Data records:
──────────────────────────────
lemma sum_mult_char_moebius:
  fixes d :: "'a::{field,finite} \<Rightarrow> complex"
  assumes d: "mult_char d" and sum_d: "(\<Sum>x\<in>UNIV. d x) = 0"
  shows "(\<Sum>y\<in>UNIV. d ((1 - a * y) / (1 - y))) = (if a = 1 then of_nat CARD('a) - 1 else - d a)"
proof (cases "a = 1")
  case True
  have "(\<Sum>y\<in>UNIV. d ((1 - y) / (1 - y))) = (\<Sum>y::'a\<in>UNIV. if y = 1 then 0 else 1)"
    by (intro sum.cong refl) (simp add: mult_char_zero[OF d] mult_char_one[OF d])
  also have "\<dots> = of_nat CARD('a) - 1"
    using card_nonzero[where 'a='a]
    by (simp add: sum.If_cases Compl_eq_Diff_UNIV card_Diff_singleton of_nat_diff)
  finally show ?thesis using True by simp
next
  case False
  have "(\<Sum>y\<in>UNIV. d ((1 - a * y) / (1 - y))) = (\<Sum>v\<in>UNIV. d v * card {y. (1 - a * y) / (1 - y) = v})"
    using sum_comp_by_fibers[of "\<lambda>_. 1" d "\<lambda>y. (1 - a * y) / (1 - y)"] by simp
  also have "\<dots> = (\<Sum>v\<in>UNIV. d v - (if v = a then d v else 0))"
  proof (rule sum.cong[OF refl])
    fix v :: 'a
    show "d v * card {y. (1 - a * y) / (1 - y) = v} = d v - (if v = a then d v else 0)"
      by (cases "v = 0") (simp_all add: mult_char_zero[OF d] card_moebius_fiber[OF False])
  qed
  also have "\<dots> = - d a" by (simp add: sum_subtractf sum_d)
  finally show ?thesis using False by simp
qed

lemma jacobi_norm_square:
  fixes c d :: "'a::{field,finite} \<Rightarrow> complex"
  assumes c: "mult_char c" and d: "mult_char d"
    and c_nontriv: "g \<noteq> 0" "c g \<noteq> 1" and d_nontriv: "h \<noteq> 0" "d h \<noteq> 1"
    and cd_nontriv: "k \<noteq> 0" "c k * d k \<noteq> 1"
  shows "jacobi c d * cnj (jacobi c d) = of_nat CARD('a)"
proof -
  have sum_c: "(\<Sum>x\<in>UNIV. c x) = 0" by (rule sum_mult_char_eq_0[OF c c_nontriv])
  have sum_d: "(\<Sum>x\<in>UNIV. d x) = 0" by (rule sum_mult_char_eq_0[OF d d_nontriv])
  have sum_cd: "(\<Sum>x\<in>UNIV. c x * d x) = 0"
    using sum_mult_char_eq_0[OF mult_char_cmul[OF c d] cd_nontriv(1)] cd_nontriv(2)
    by (simp add: cmul_def)
  have "jacobi c d * cnj (jacobi c d)
      = (\<Sum>x\<in>UNIV. \<Sum>y\<in>UNIV. c x * d (1 - x) * cnj (c y * d (1 - y)))"
    by (simp add: jacobi_def sum_product)
  also have "\<dots> = (\<Sum>y\<in>UNIV. \<Sum>x\<in>UNIV. c (x / y) * d ((1 - x) / (1 - y)))"
    by (subst sum.swap) (simp add: cnj_mult_char[OF c] cnj_mult_char[OF d]
        mult_char_mult[OF c] mult_char_mult[OF d] divide_inverse mult_ac)
  also have "\<dots> = (\<Sum>y\<in>UNIV. \<Sum>a\<in>UNIV. c a * d ((1 - a * y) / (1 - y)))"
  proof (rule sum.cong[OF refl])
    fix y :: 'a
    show "(\<Sum>x\<in>UNIV. c (x / y) * d ((1 - x) / (1 - y))) = (\<Sum>a\<in>UNIV. c a * d ((1 - a * y) / (1 - y)))"
    proof (cases "y = 0")
      case True
      then show ?thesis using sum_c by (simp add: mult_char_zero[OF c] flip: sum_distrib_right)
    next
      case False
      show ?thesis
        by (rule sum.reindex_bij_witness[of _ "\<lambda>x. x * y" "\<lambda>a. a / y"]) (use False in auto)
    qed
  qed
  also have "\<dots> = (\<Sum>a\<in>UNIV. c a * (\<Sum>y\<in>UNIV. d ((1 - a * y) / (1 - y))))"
    by (subst sum.swap) (simp add: sum_distrib_left)
  also have "\<dots> = (\<Sum>a\<in>UNIV. c a * (if a = 1 then of_nat CARD('a) - 1 else - d a))"
    by (simp add: sum_mult_char_moebius[OF d sum_d])
  also have "\<dots> = of_nat CARD('a) - 1 + (\<Sum>a\<in>UNIV - {1}. c a * (- d a))"
    by (subst sum.remove[of _ 1]) (auto simp: mult_char_one[OF c] intro!: sum.cong)
  also have "\<dots> = of_nat CARD('a) - (\<Sum>a\<in>UNIV. c a * d a)"
    by (simp add: sum_diff1 sum_negf mult_char_one[OF c] mult_char_one[OF d])
  finally show ?thesis using sum_cd by simp
qed

lemma qchar_0 [simp]: "qchar 0 = 0"
  by (simp add: qchar_def)

lemma cnj_qchar [simp]: "cnj (qchar x) = qchar x"
  by (simp add: qchar_def)

lemma qchar_nonzero_cases: "x \<noteq> 0 \<Longrightarrow> qchar x = 1 \<or> qchar x = -1"
  by (simp add: qchar_def)

lemma qchar_power2: "x \<noteq> 0 \<Longrightarrow> (qchar x)\<^sup>2 = 1"
  by (simp add: qchar_def)

lemma qchar_square: "t \<noteq> 0 \<Longrightarrow> qchar (t\<^sup>2) = 1"
  by (auto simp: qchar_def)

lemma qchar_mult_square:
  fixes x t :: "'a::{field,finite}"
  assumes "t \<noteq> 0"
  shows "qchar (x * t\<^sup>2) = qchar x"
proof -
  have "(\<exists>y. y\<^sup>2 = x * t\<^sup>2) \<longleftrightarrow> (\<exists>y. y\<^sup>2 = x)"
  proof
    assume "\<exists>y. y\<^sup>2 = x * t\<^sup>2"
    then obtain y where "y\<^sup>2 = x * t\<^sup>2" by blast
    then have "(y / t)\<^sup>2 = x" using assms by (simp add: power_divide)
    then show "\<exists>y. y\<^sup>2 = x" by blast
  next
    assume "\<exists>y. y\<^sup>2 = x"
    then obtain y where "y\<^sup>2 = x" by blast
    then have "(y * t)\<^sup>2 = x * t\<^sup>2" by (simp add: power_mult_distrib)
    then show "\<exists>y. y\<^sup>2 = x * t\<^sup>2" by blast
  qed
  then show ?thesis using assms by (simp add: qchar_def)
qed

lemma card_nonzero_square_roots:
  assumes "(2::'a::{field,finite}) \<noteq> 0" "t \<noteq> 0"
  shows "card {r::'a. r \<noteq> 0 \<and> r\<^sup>2 = t\<^sup>2} = 2"
proof -
  have "{r::'a. r \<noteq> 0 \<and> r\<^sup>2 = t\<^sup>2} = {t, -t}"
    using assms(2) by (auto simp: power2_eq_iff)
  then show ?thesis using minus_neq_self[OF assms] by simp
qed

lemma card_nonzero_squares:
  assumes two: "(2::'a::{field,finite}) \<noteq> 0"
  shows "2 * card {w::'a. w \<noteq> 0 \<and> (\<exists>t. t\<^sup>2 = w)} = CARD('a) - 1"
proof -
  let ?S = "{w::'a. w \<noteq> 0 \<and> (\<exists>t. t\<^sup>2 = w)}"
  have "(\<Sum>w\<in>?S. \<Sum>r | r \<in> {r::'a. r \<noteq> 0} \<and> r\<^sup>2 = w. 1::nat) = (\<Sum>r | r \<noteq> (0::'a). 1)"
    by (rule sum.group) auto
  moreover have "(\<Sum>w\<in>?S. \<Sum>r | r \<in> {r::'a. r \<noteq> 0} \<and> r\<^sup>2 = w. 1::nat) = (\<Sum>w\<in>?S. 2)"
  proof (rule sum.cong[OF refl])
    fix w assume "w \<in> ?S"
    then obtain t where "t \<noteq> 0" "w = t\<^sup>2" by auto
    then show "(\<Sum>r | r \<in> {r::'a. r \<noteq> 0} \<and> r\<^sup>2 = w. 1::nat) = 2"
      using card_nonzero_square_roots[OF two] by simp
  qed
  ultimately show ?thesis by (simp add: card_nonzero)
qed

lemma product_of_nonsquares_is_square:
  fixes x y :: "'a::{field,finite}"
  assumes two: "(2::'a) \<noteq> 0"
    and x: "x \<noteq> 0" "\<nexists>t. t\<^sup>2 = x" and y: "y \<noteq> 0" "\<nexists>t. t\<^sup>2 = y"
  shows "\<exists>t. t\<^sup>2 = x * y"
proof -
  define S where "S = {w::'a. w \<noteq> 0 \<and> (\<exists>t. t\<^sup>2 = w)}"
  define N where "N = {w::'a. w \<noteq> 0 \<and> \<not> (\<exists>t. t\<^sup>2 = w)}"
  have "S \<union> N = {w. w \<noteq> 0}" "S \<inter> N = {}" by (auto simp: S_def N_def)
  then have "card S + card N = CARD('a) - 1"
    using card_Un_disjoint[of S N] card_nonzero[where 'a='a] by simp
  then have card_N: "card N = card S"
    using card_nonzero_squares[OF two] by (simp add: S_def)
  have "(\<lambda>w. x * w) ` S \<subseteq> N"
  proof
    fix v assume "v \<in> (\<lambda>w. x * w) ` S"
    then obtain t where t: "t \<noteq> 0" "v = x * t\<^sup>2" by (auto simp: S_def)
    have "\<nexists>c. c\<^sup>2 = v"
    proof
      assume "\<exists>c. c\<^sup>2 = v"
      then obtain c where "c\<^sup>2 = x * t\<^sup>2" using t by blast
      then have "(c / t)\<^sup>2 = x" using t by (simp add: power_divide)
      then show False using x by blast
    qed
    then show "v \<in> N" using t x by (simp add: N_def)
  qed
  moreover have "card ((\<lambda>w. x * w) ` S) = card S"
    by (rule card_image) (use x in \<open>auto simp: inj_on_def\<close>)
  ultimately have "(\<lambda>w. x * w) ` S = N" using card_N by (simp add: card_subset_eq)
  moreover have "y \<in> N" using y by (simp add: N_def)
  ultimately obtain w where "w \<in> S" "y = x * w" by blast
  then obtain t where "y = x * t\<^sup>2" by (auto simp: S_def)
  then have "(x * t)\<^sup>2 = x * y" by (simp add: power2_eq_square)
  then show ?thesis by blast
qed

lemma qchar_mult:
  fixes x y :: "'a::{field,finite}"
  assumes two: "(2::'a) \<noteq> 0"
  shows "qchar (x * y) = qchar x * qchar y"
proof (cases "x = 0 \<or> y = 0")
  case False
  consider (x_square) t where "t\<^sup>2 = x" | (y_square) t where "t\<^sup>2 = y"
    | (nonsquares) "\<nexists>t. t\<^sup>2 = x" "\<nexists>t. t\<^sup>2 = y" by blast
  then show ?thesis
  proof cases
    case x_square
    then show ?thesis using False qchar_mult_square[of t y] qchar_square[of t] by (auto simp: mult.commute)
  next
    case y_square
    then show ?thesis using False qchar_mult_square[of t x] qchar_square[of t] by auto
  next
    case nonsquares
    then have "\<exists>t. t\<^sup>2 = x * y" using False by (intro product_of_nonsquares_is_square[OF two]) auto
    then show ?thesis using nonsquares False by (simp add: qchar_def)
  qed
qed auto

lemma mult_char_qchar: "(2::'a::{field,finite}) \<noteq> 0 \<Longrightarrow> mult_char (qchar :: 'a \<Rightarrow> complex)"
  by (simp add: mult_char_def qchar_mult) (simp add: qchar_def)

lemma qchar_inverse: "(2::'a::{field,finite}) \<noteq> 0 \<Longrightarrow> qchar (inverse x) = qchar (x::'a)"
  using cnj_mult_char[OF mult_char_qchar, of x] by simp

lemma exists_nonsquare:
  assumes two: "(2::'a::{field,finite}) \<noteq> 0"
  shows "\<exists>n::'a. n \<noteq> 0 \<and> (\<nexists>t. t\<^sup>2 = n)"
proof (rule ccontr)
  assume "\<not> ?thesis"
  then have "{w::'a. w \<noteq> 0 \<and> (\<exists>t. t\<^sup>2 = w)} = {w. w \<noteq> 0}" by auto
  then have "2 * (CARD('a) - 1) = CARD('a) - 1"
    using card_nonzero_squares[OF two] card_nonzero[where 'a='a] by simp
  then show False using two_le_CARD[where 'a='a] by simp
qed

lemma card_square_roots:
  assumes two: "(2::'a::{field,finite}) \<noteq> 0"
  shows "(of_nat (card {r. r\<^sup>2 = d}) :: complex) = 1 + qchar (d::'a)"
proof (cases "\<exists>t. t\<^sup>2 = d")
  case True
  then obtain t where t: "t\<^sup>2 = d" by blast
  show ?thesis
  proof (cases "t = 0")
    case False
    then show ?thesis using t square_roots_of_square[of t] minus_neq_self[OF two False]
      qchar_square[OF False] by simp
  qed (use t in simp)
next
  case False
  moreover have "d \<noteq> 0" using False by (metis power_zero_numeral)
  ultimately show ?thesis by (simp add: qchar_def)
qed

lemma qchar_eq_if_mult_eq_square:
  fixes x y t :: "'a::{field,finite}"
  assumes "x * y = t\<^sup>2" "x \<noteq> 0" "y \<noteq> 0"
  shows "qchar x = qchar y"
proof -
  have "t \<noteq> 0" using assms by auto
  have "x = y * (t / y)\<^sup>2" using assms(1)[symmetric] assms(3) by (simp add: power2_eq_square field_simps)
  then show ?thesis using qchar_mult_square[of "t / y" y] \<open>t \<noteq> 0\<close> assms(3) by simp
qed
──────────────────────────────
Assignment: From the records above, return each line where "moreover" occurs.

Solution to the problem:
  moreover have "(\<Sum>w\<in>?S. \<Sum>r | r \<in> {r::'a. r \<noteq> 0} \<and> r\<^sup>2 = w. 1::nat) = (\<Sum>w\<in>?S. 2)"
  moreover have "card ((\<lambda>w. x * w) ` S) = card S"
  moreover have "y \<in> N" using y by (simp add: N_def)
  moreover have "d \<noteq> 0" using False by (metis power_zero_numeral)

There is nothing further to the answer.